Caleb Strong (1745-1819) assisted in drafting the Massachusetts State Constitution in 1779 and served as a state senator and on the Massachusetts Governor's Council before being elected to the inaugural United States Senate. In 1781 Strong was one of the lawyers (another was Worcester lawyer and future United States Attorney General Levi Lincoln, Sr.) who worked on a series of legal cases surrounding Quock Walker, a former slave seeking to claim his freedom. One of the cases, Commonwealth of Massachusetts v. Nathaniel Jennison, firmly established that slavery was incompatible with the new state constitution. Strong was politically active in the rebel cause during the American Revolutionary War.

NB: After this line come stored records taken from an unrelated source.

(* Let $\tau>0$, let $u_\tau:\mathbb{R}^d\to\mathbb{R}$ be a ($\mathbb{Z}^d$-periodic, continuous) solution of the discrete Lax--Oleinik equation \[ u_\tau(y)+\bar L(\tau)\,\tau=\inf_{x\in\mathbb{R}^d}\bigl(u_\tau(x)+\mathcal L_\tau(x,y)\bigr)\qquad\forall y, \] and let $\{x_n\}_{n\le 0}$ be a calibrated backward configuration for $u_\tau$. Define the discrete velocities $v_n:=\frac{x_{n+1}-x_n}{\tau}$. Then there exists a constant $D>0$, depending only on the Lagrangian $L$, such that $|v_n|\le D$ for all $n\le -1$.
   Context: $\mathbb{T}^d=\mathbb{R}^d/\mathbb{Z}^d$; functions on $\mathbb{T}^d$ are identified with $\mathbb{Z}^d$-periodic functions on $\mathbb{R}^d$. $H:\mathbb{T}^d\times\mathbb{R}^d\to\mathbb{R}$ is a Tonelli Hamiltonian: $H\in C^2$, $D^2_{pp}H(x,p)$ is positive definite for all $(x,p)$, and for every $K>0$ there is $C(K)\in\mathbb{R}$ with $H(x,p)\ge K|p|+C(K)$. $L(x,v)=\sup_{p}\{p\cdot v-H(x,p)\}$ is its Legendre transform (so $L$ is $C^2$, strictly convex in $v$, and superlinear: for every $K>0$ there is $C(K)$ with $L(x,v)\ge K|v|+C(K)$). For $\tau>0$ set $\mathcal L_\tau(x,y):=\tau L\bigl(x,\frac{y-x}{\tau}\bigr)$. It is known that for each $\tau>0$ there is a unique constant $\bar L(\tau)\in\mathbb{R}$ for which the discrete Lax--Oleinik equation above has a continuous periodic solution $u_\tau$, that such solutions are Lipschitz with a constant independent of $\tau$, and that $\bar L(\tau)\to-\alpha(H)$ as $\tau\to0$, where $\alpha(H)$ is the unique constant such that $H(x,Du)=\alpha(H)$ has a viscosity solution on $\mathbb{T}^d$. A calibrated (backward) configuration for $u_\tau$ (through $x$) is a sequence $\{x_{-k}\}_{k\ge0}$ with $x_0=x$ and $u_\tau(x_{-k})+\tau\bar L(\tau)=u_\tau(x_{-k-1})+\mathcal L_\tau(x_{-k-1},x_{-k})$ for all $k\ge0$. *)

theory Defs
  imports "HOL-Analysis.Analysis"
begin

definition int_vec :: "real^'d \<Rightarrow> bool" where
  "int_vec k \<longleftrightarrow> (\<forall>i. k $ i \<in> \<int>)"

definition Zd_periodic :: "(real^'d \<Rightarrow> 'b) \<Rightarrow> bool" where
  "Zd_periodic f \<longleftrightarrow> (\<forall>x k. int_vec k \<longrightarrow> f (x + k) = f x)"

definition C2 :: "('a::real_normed_vector \<Rightarrow> real) \<Rightarrow> ('a \<Rightarrow> 'a \<Rightarrow>\<^sub>L real) \<Rightarrow> ('a \<Rightarrow> 'a \<Rightarrow>\<^sub>L 'a \<Rightarrow>\<^sub>L real) \<Rightarrow> bool" where
  "C2 f f' f'' \<longleftrightarrow> (\<forall>z. (f has_derivative blinfun_apply (f' z)) (at z))
                  \<and> (\<forall>z. (f' has_derivative blinfun_apply (f'' z)) (at z))
                  \<and> continuous_on UNIV f''"

text \<open>Tonelli Hamiltonian H(x,p) on T^d x R^d (as a Z^d-periodic function in x).\<close>
definition tonelli :: "(real^'d \<Rightarrow> real^'d \<Rightarrow> real) \<Rightarrow> bool" where
  "tonelli H \<longleftrightarrow>
     (\<forall>p. Zd_periodic (\<lambda>x. H x p))
   \<and> (\<exists>f' f''. C2 (\<lambda>z. H (fst z) (snd z)) f' f''
        \<and> (\<forall>z w. w \<noteq> 0 \<longrightarrow> blinfun_apply (blinfun_apply (f'' z) (0, w)) (0, w) > 0))
   \<and> (\<forall>K>0. \<exists>C. \<forall>x p. H x p \<ge> K * norm p + C)"

definition lagrangian :: "(real^'d \<Rightarrow> real^'d \<Rightarrow> real) \<Rightarrow> real^'d \<Rightarrow> real^'d \<Rightarrow> real" where
  "lagrangian H x v = (SUP p. p \<bullet> v - H x p)"

definition action :: "(real^'d \<Rightarrow> real^'d \<Rightarrow> real) \<Rightarrow> real \<Rightarrow> real^'d \<Rightarrow> real^'d \<Rightarrow> real" where
  "action H \<tau> x y = \<tau> * lagrangian H x ((1 / \<tau>) *\<^sub>R (y - x))"

text \<open>u solves the discrete Lax-Oleinik equation with constant c (= Lbar(tau)).\<close>
definition discrete_LO_solution :: "(real^'d \<Rightarrow> real^'d \<Rightarrow> real) \<Rightarrow> real \<Rightarrow> real \<Rightarrow> (real^'d \<Rightarrow> real) \<Rightarrow> bool" where
  "discrete_LO_solution H \<tau> c u \<longleftrightarrow>
     continuous_on UNIV u \<and> Zd_periodic u \<and>
     (\<forall>y. u y + c * \<tau> = (INF x. u x + action H \<tau> x y))"

text \<open>Calibrated backward configuration: xs k stands for x_{-k}.\<close>
definition calibrated :: "(real^'d \<Rightarrow> real^'d \<Rightarrow> real) \<Rightarrow> real \<Rightarrow> real \<Rightarrow> (real^'d \<Rightarrow> real) \<Rightarrow> (nat \<Rightarrow> real^'d) \<Rightarrow> bool" where
  "calibrated H \<tau> c u xs \<longleftrightarrow>
     (\<forall>k. u (xs k) + \<tau> * c = u (xs (Suc k)) + action H \<tau> (xs (Suc k)) (xs k))"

He played an influential role in the development of the United States Constitution at the 1788 Philadelphia Constitutional Convention. Strong narrowly missed his unforgettable place in history. He didn’t sign the historic document because his wife became ill, leaving before the Constitutional Convention ended. Strong had opposed the electoral college format in electing a President, favoring a Legislature vote.

Strong was a United States Senator during the first Senate Session where he played a leading role in the passage of the Judiciary Act of 1789, which established the federal court system.
He served as the sixth and tenth Governor of Massachusetts between 1800 and 1807, and again from 1812 until 1816. A leading member of the Massachusetts Federalist Party, his political success delayed the decline of the Federalists in Massachusetts.

Strong sought to retire from politics after losing the 1807 governor's race, but the advent of the War of 1812 brought him back to the governor's office as a committed opponent of the war. He refused United States Army requests that state militia be placed under army command, and in 1814 he sought to engage Nova Scotia Governor John Coape Sherbrooke in peace talks. The state and federal government's weak defense of Massachusetts' northern frontier during Strong's tenure contributed to the successful drive for Maine's statehood, which was granted in 1820.